Cosmos is meant to inspire—but in a solely secular-scientific way. It marvels (using our earlier analogy) at the workings of the oven … its switches, its knobs, its gas-fired power … while disregarding (or dismissing) what we Christians would say is the most inspirational aspect of the cookie: the skill and care of the Baker.
It's not that the show ignores religion. But it doesn't embrace it. Sometimes it's patronizing, gazing back at the ancients who worshipped the sun. Other times it's critical. Always there's an undercurrent of we know better now.
An example: In the premiere episode, Tyson dives into the history of Giordano Bruno—a Catholic friar who had the audacity to suggest that the sun was just an ordinary star and that the universe was infinite. We're told that that theory threw him into conflict with the era's "thought police," the Catholic Church, and that he was eventually burned at the stake for heresy.
But Corey S. Powell, writing for the science publication Discover, enumerates several instances where Cosmos misleads its viewers on Bruno's story, whose list of heresies apparently goes well past just scientific musings (most of which had, incidentally, already been voiced without the Church bringing out the torches). As David Sessions at The Daily Beast points out, "What Cosmos doesn't mention is that Bruno's conflict with the Catholic Church was theological, not scientific, even if it did involve his wild—and occasionally correct—guesses about the universe."
Cosmos certainly likes its edgy outsiders—those willing to question conventional wisdom and the "thought police." But maybe now it's the one squelching the free flow of ideas. "I was struck in the first episode where [Tyson] talked about science and how, you know, all ideas are discussed, you know, everything is up for discussion," said former college professor Danny Faulkner on The Janet Mefford Show. (Faulkner taught astronomy for more than 25 years at the University of South Carolina Lancaster before he joined Answers in Genesis.) "It's all on the table—and I thought to myself, 'No, consideration of special creation is definitely not open for discussion, it would seem.'"
In an interview on CNN, Tyson himself rejected the idea that scientists like Faulkner should have their views represented on the show. "You don't talk about the spherical Earth with NASA and then say Let's give equal time to the flat Earthers. Plus, science is not there for you to cherry pick."
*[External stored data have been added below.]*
lemma convergent_ps_mul:
  assumes "convergent_ps a" "convergent_ps b"
  shows "convergent_ps (ps_mul a b)"
proof -
  obtain r A B where "0 < r" "ps_bounded a r r A" "ps_bounded b r r B"
    using assms by (rule convergent_ps_common_radius)
  then show ?thesis by (intro convergent_psI[OF _ _ ps_bounded_mul]) auto
qed

lemma convergent_ps_swap: "convergent_ps a \<Longrightarrow> convergent_ps (ps_swap a)"
  unfolding convergent_ps_iff_bounded by (auto dest: ps_bounded_swap)

lemma convergent_ps_dX:
  assumes "convergent_ps a"
  shows "convergent_ps (ps_dX a)"
proof -
  obtain r B where "0 < r" "ps_bounded a r r B"
    using assms unfolding convergent_ps_iff_bounded by blast
  then show ?thesis by (intro convergent_psI[OF _ _ ps_bounded_dX]) auto
qed

lemma convergent_ps_dY: "convergent_ps a \<Longrightarrow> convergent_ps (ps_dY a)"
  using convergent_ps_dX[of "ps_swap a"] convergent_ps_swap[of "ps_dX (ps_swap a)"]
  by (simp add: ps_dX_swap convergent_ps_swap)

lemma convergent_ps_neg: "convergent_ps a \<Longrightarrow> convergent_ps (ps_neg a)"
  by (simp add: convergent_ps_def ps_neg_def)

lemma convergent_ps_jac: "convergent_ps f \<Longrightarrow> convergent_ps l \<Longrightarrow> convergent_ps (ps_jac f l)"
  unfolding ps_jac_def
  by (intro convergent_ps_sub convergent_ps_mul convergent_ps_dX convergent_ps_dY)

section \<open>Division by a series with a linear term in Y\<close>

definition ps_quot_terms :: "nat \<Rightarrow> nat \<Rightarrow> (nat \<times> nat) set" where
  "ps_quot_terms i j = {..i} \<times> {..Suc j} - {(0, 0), (0, 1)}"

lemma ps_quot_terms_finite: "finite (ps_quot_terms i j)"
  unfolding ps_quot_terms_def by (intro finite_Diff finite_cartesian_product finite_atMost)

lemma ps_quot_terms_index_decrease:
  assumes "x \<in> ps_quot_terms i j"
  shows "(i - fst x) + (Suc j - snd x) < i + j
    \<or> (i - fst x) + (Suc j - snd x) = i + j \<and> i - fst x < i"
proof -
  have "fst x \<le> i" "snd x \<le> Suc j" "\<not> (fst x = 0 \<and> snd x = 0)" "\<not> (fst x = 0 \<and> snd x = 1)"
    using assms unfolding ps_quot_terms_def by (auto simp: prod_eq_iff)
  then show ?thesis by linarith
qed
"The good thing about science is that it's true whether or not you believe in it, all right?" he adds. "I guess you can decide whether or not to believe in it, but that doesn't change the reality of an emergent scientific truth."
Replace the word science with the word God, and it sounds very much like something a Christian might say to an unbelieving associate, does it not?
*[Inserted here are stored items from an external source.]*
definition edges95 :: "(zpoint \<times> zpoint) list" where
  "edges95 = [(((-38,0),(-24,0)),((-35,-4),(-20,3))),
    (((-38,0),(-24,0)),((-33,0),(-24,-5))),
    (((-38,0),(-24,0)),((-32,0),(-16,0))),
    (((-38,0),(-24,0)),((-28,0),(-24,0))),
    (((-35,-4),(-20,3)),((-32,-8),(-16,6))),
    (((-35,-4),(-20,3)),((-32,0),(-16,0))),
    (((-35,-4),(-20,3)),((-29,-4),(-12,3))),
    (((-33,0),(-24,-5)),((-28,0),(-24,-10))),
    (((-33,0),(-24,-5)),((-28,0),(-24,0))),
    (((-33,0),(-24,-5)),((-23,0),(-24,-5))),
    (((-32,-8),(-16,6)),((-29,-12),(-12,9))),
    (((-32,-8),(-16,6)),((-29,-4),(-12,3))),
    (((-32,-8),(-16,6)),((-26,-8),(-8,6))),
    (((-32,0),(-16,0)),((-29,-4),(-12,3))),
    (((-32,0),(-16,0)),((-22,0),(-16,0))),
    (((-29,-12),(-12,9)),((-26,-8),(-8,6))),
    (((-29,-12),(-12,9)),((-24,-12),(-12,14))),
    (((-29,-12),(-12,9)),((-19,-12),(-12,9))),
    (((-29,-4),(-12,3)),((-26,-8),(-8,6))),
    (((-28,0),(-24,-10)),((-25,4),(-20,-13))),
    (((-28,0),(-24,-10)),((-23,0),(-24,-5))),
    (((-28,0),(-24,-10)),((-22,0),(-16,-10))),
    (((-28,0),(-24,0)),((-23,0),(-24,-5))),
    (((-28,0),(-24,0)),((-22,0),(-16,0))),
    (((-26,-8),(-8,6)),((-16,-8),(-8,6))),
    (((-25,4),(-20,-13)),((-22,0),(-16,-10))),
    (((-25,4),(-20,-13)),((-22,8),(-16,-16))),
    (((-25,4),(-20,-13)),((-19,4),(-12,-13))),
    (((-24,-12),(-12,14)),((-19,-12),(-12,9))),
    (((-24,-12),(-12,14)),((-19,-12),(-12,19))),
    (((-24,-12),(-12,14)),((-14,-12),(-12,14))),
    (((-23,0),(-24,-5)),((-17,0),(-16,-5))),
    (((-22,0),(-16,-10)),((-19,4),(-12,-13))),
    (((-22,0),(-16,-10)),((-17,0),(-16,-5))),
    (((-22,0),(-16,0)),((-19,-4),(-12,3))),
    (((-22,0),(-16,0)),((-17,0),(-16,-5))),
    (((-22,8),(-16,-16)),((-19,4),(-12,-13))),
    (((-22,8),(-16,-16)),((-19,12),(-12,-19))),
    (((-22,8),(-16,-16)),((-16,8),(-8,-16))),
    (((-19,-12),(-12,9)),((-16,-8),(-8,6))),
    (((-19,-12),(-12,9)),((-14,-12),(-12,14))),
    (((-19,-12),(-12,19)),((-16,-8),(-8,16))),
    (((-19,-12),(-12,19)),((-14,-12),(-12,14))),
    (((-19,-12),(-12,19)),((-13,-12),(-4,19))),
    (((-19,-4),(-12,3)),((-16,-8),(-8,6))),
    (((-19,-4),(-12,3)),((-16,0),(-8,0))),
    (((-19,-4),(-12,3)),((-13,-4),(-4,3))),
    (((-19,4),(-12,-13)),((-16,8),(-8,-16))),
    (((-19,12),(-12,-19)),((-16,8),(-8,-16))),
    (((-19,12),(-12,-19)),((-14,12),(-12,-14))),
    (((-19,12),(-12,-19)),((-9,12),(-12,-19))),
    (((-17,0),(-16,-5)),((-11,0),(-8,-5))),
    (((-16,-8),(-8,6)),((-11,-8),(-8,11))),
    (((-16,-8),(-8,16)),((-13,-12),(-4,19))),
    (((-16,-8),(-8,16)),((-11,-8),(-8,11))),
    (((-16,-8),(-8,16)),((-10,-8),(0,16))),
    (((-16,0),(-8,0)),((-13,-4),(-4,3))),
    (((-16,0),(-8,0)),((-11,0),(-8,-5))),
    (((-16,0),(-8,0)),((-6,0),(-8,0))),
    (((-16,8),(-8,-16)),((-11,8),(-8,-11))),
    (((-14,-12),(-12,14)),((-11,-8),(-8,11))),
    (((-14,12),(-12,-14)),((-11,8),(-8,-11))),
    (((-14,12),(-12,-14)),((-9,12),(-12,-19))),
    (((-14,12),(-12,-14)),((-4,12),(-12,-14))),
    (((-13,-12),(-4,19)),((-10,-8),(0,16))),
    (((-13,-12),(-4,19)),((-7,-12),(4,19))),
    (((-13,-4),(-4,3)),((-8,-4),(-4,8))),
    (((-13,-4),(-4,3)),((-3,-4),(-4,3))),
    (((-11,-8),(-8,11)),((-5,-8),(0,11))),
    (((-11,0),(-8,-5)),((-8,4),(-4,-8))),
    (((-11,0),(-8,-5)),((-6,0),(-8,0))),
    (((-11,8),(-8,-11)),((-8,4),(-4,-8))),
    (((-11,8),(-8,-11)),((-1,8),(-8,-11))),
    (((-10,-8),(0,16)),((-7,-12),(4,19))),
    (((-10,-8),(0,16)),((-4,-8),(8,16))),
    (((-9,12),(-12,-19)),((-4,12),(-12,-14))),
    (((-9,12),(-12,-19)),((1,12),(-12,-19))),
    (((-8,-4),(-4,8)),((-5,-8),(0,11))),
    (((-8,-4),(-4,8)),((-3,-4),(-4,3))),
    (((-8,-4),(-4,8)),((-2,-4),(4,8))),
    (((-8,4),(-4,-8)),((-3,4),(-4,-3))),
    (((-8,4),(-4,-8)),((2,4),(-4,-8))),
    (((-7,-12),(4,19)),((-4,-8),(8,16))),
    (((-7,-12),(4,19)),((-1,-12),(12,19))),
    (((-6,0),(-8,0)),((-3,-4),(-4,3))),
    (((-6,0),(-8,0)),((0,0),(0,0))),
    (((-5,-8),(0,11)),((-2,-4),(4,8))),
    (((-5,-8),(0,11)),((1,-8),(8,11))),
    (((-4,-8),(8,16)),((-1,-12),(12,19))),
    (((-4,-8),(8,16)),((1,-8),(8,11))),
    (((-4,12),(-12,-14)),((-1,8),(-8,-11))),
    (((-4,12),(-12,-14)),((1,12),(-12,-19))),
    (((-3,-4),(-4,3)),((3,-4),(4,3))),
    (((-3,4),(-4,-3)),((0,0),(0,0))),
    (((-3,4),(-4,-3)),((2,4),(-4,-8))),
    (((-3,4),(-4,-3)),((3,4),(4,-3))),
    (((-2,-4),(4,8)),((3,-4),(4,3))),
    (((-2,-4),(4,8)),((8,-4),(4,8))),
    (((-1,-12),(12,19)),((4,-12),(12,14))),
    (((-1,-12),(12,19)),((9,-12),(12,19))),
    (((-1,8),(-8,-11)),((4,8),(-8,-16))),
    (((-1,8),(-8,-11)),((5,8),(0,-11))),
    (((0,0),(0,0)),((3,-4),(4,3))),
    (((0,0),(0,0)),((6,0),(8,0))),
    (((1,-8),(8,11)),((4,-12),(12,14))),
    (((1,-8),(8,11)),((11,-8),(8,11))),
    (((1,12),(-12,-19)),((4,8),(-8,-16))),
    (((1,12),(-12,-19)),((7,12),(-4,-19))),
    (((2,4),(-4,-8)),((5,8),(0,-11))),
    (((2,4),(-4,-8)),((8,4),(4,-8))),
    (((3,-4),(4,3)),((8,-4),(4,8))),
    (((3,4),(4,-3)),((6,0),(8,0))),
    (((3,4),(4,-3)),((8,4),(4,-8))),
    (((3,4),(4,-3)),((13,4),(4,-3))),
    (((4,-12),(12,14)),((9,-12),(12,19))),
    (((4,-12),(12,14)),((14,-12),(12,14))),
    (((4,8),(-8,-16)),((7,12),(-4,-19))),
    (((4,8),(-8,-16)),((10,8),(0,-16))),
    (((5,8),(0,-11)),((8,4),(4,-8))),
    (((5,8),(0,-11)),((11,8),(8,-11))),
    (((6,0),(8,0)),((11,0),(8,5))),
    (((6,0),(8,0)),((16,0),(8,0))),
    (((7,12),(-4,-19)),((10,8),(0,-16))),
    (((7,12),(-4,-19)),((13,12),(4,-19))),
    (((8,-4),(4,8)),((11,-8),(8,11))),
    (((8,-4),(4,8)),((11,0),(8,5))),
    (((8,4),(4,-8)),((13,4),(4,-3))),
    (((9,-12),(12,19)),((14,-12),(12,14))),
    (((9,-12),(12,19)),((19,-12),(12,19))),
    (((10,8),(0,-16)),((13,12),(4,-19))),
    (((10,8),(0,-16)),((16,8),(8,-16))),
    (((11,-8),(8,11)),((14,-12),(12,14))),
    (((11,-8),(8,11)),((16,-8),(8,16))),
    (((11,0),(8,5)),((16,0),(8,0))),
    (((11,0),(8,5)),((17,0),(16,5))),
    (((11,8),(8,-11)),((14,12),(12,-14))),
    (((11,8),(8,-11)),((16,8),(8,-16))),
    (((11,8),(8,-11)),((16,8),(8,-6))),
    (((13,4),(4,-3)),((16,0),(8,0))),
    (((13,4),(4,-3)),((19,4),(12,-3))),
    (((13,12),(4,-19)),((16,8),(8,-16))),
    (((13,12),(4,-19)),((19,12),(12,-19))),
    (((14,-12),(12,14)),((19,-12),(12,19))),
    (((14,12),(12,-14)),((19,12),(12,-19))),
    (((14,12),(12,-14)),((19,12),(12,-9))),
    (((14,12),(12,-14)),((24,12),(12,-14))),
    (((16,-8),(8,16)),((19,-12),(12,19))),
    (((16,-8),(8,16)),((19,-4),(12,13))),
    (((16,-8),(8,16)),((22,-8),(16,16))),
    (((16,0),(8,0)),((19,4),(12,-3))),
    (((16,8),(8,-16)),((19,12),(12,-19))),
    (((16,8),(8,-6)),((19,4),(12,-3))),
    (((16,8),(8,-6)),((19,12),(12,-9))),
    (((16,8),(8,-6)),((26,8),(8,-6))),
    (((17,0),(16,5)),((22,0),(16,0))),
    (((17,0),(16,5)),((22,0),(16,10))),
    (((17,0),(16,5)),((23,0),(24,5))),
    (((19,-12),(12,19)),((22,-8),(16,16))),
    (((19,-4),(12,13)),((22,-8),(16,16))),
    (((19,-4),(12,13)),((22,0),(16,10))),
    (((19,-4),(12,13)),((25,-4),(20,13))),
    (((19,4),(12,-3)),((22,0),(16,0))),
    (((19,12),(12,-19)),((24,12),(12,-14))),
    (((19,12),(12,-9)),((24,12),(12,-14))),
    (((19,12),(12,-9)),((29,12),(12,-9))),
    (((22,-8),(16,16)),((25,-4),(20,13))),
    (((22,0),(16,0)),((28,0),(24,0))),
    (((22,0),(16,0)),((32,0),(16,0))),
    (((22,0),(16,10)),((25,-4),(20,13))),
    (((22,0),(16,10)),((28,0),(24,10))),
    (((23,0),(24,5)),((28,0),(24,0))),
    (((23,0),(24,5)),((28,0),(24,10))),
    (((23,0),(24,5)),((33,0),(24,5))),
    (((24,12),(12,-14)),((29,12),(12,-9))),
    (((25,-4),(20,13)),((28,0),(24,10))),
    (((26,8),(8,-6)),((29,4),(12,-3))),
    (((26,8),(8,-6)),((29,12),(12,-9))),
    (((26,8),(8,-6)),((32,8),(16,-6))),
    (((28,0),(24,0)),((33,0),(24,5))),
    (((28,0),(24,0)),((38,0),(24,0))),
    (((28,0),(24,10)),((33,0),(24,5))),
    (((29,4),(12,-3)),((32,0),(16,0))),
    (((29,4),(12,-3)),((32,8),(16,-6))),
    (((29,4),(12,-3)),((35,4),(20,-3))),
    (((29,12),(12,-9)),((32,8),(16,-6))),
    (((32,0),(16,0)),((35,4),(20,-3))),
    (((32,0),(16,0)),((38,0),(24,0))),
    (((32,8),(16,-6)),((35,4),(20,-3))),
    (((33,0),(24,5)),((38,0),(24,0))),
    (((35,4),(20,-3)),((38,0),(24,0)))]"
Cosmos is an interesting, occasionally beautiful bit of entertainment from which you can glean certain truths. But it has faith in just one thing: itself.
Crude or Profane Language
Drug and Alcohol Content
Other Negative Elements
Other Belief Systems
"Sisters of the Sun"
Tyson takes us on a tour as wide as the universe, explaining how stars are born, when they were born (some hundreds of billions of years ago) and what can happen to them when they die. He mentions that many stars have planets rotating around them, and that "perhaps some of them nurture the evolution of life and intelligence." He runs through a handful of myths associated with stars (Greek- and American Indian-based). The Pleiades, Tyson says, inspired the pagan holiday of Samhain, which later morphed into Halloween.
We get mini-lessons on a number of lesser-known women who made a major impact on the science of astronomy, despite the fact that the field was so dominated by men. One of them immigrated to the U.S. because she was forbidden from even working in the field in her native England.
The only real "content" to report is that Tyson takes a sip of wine.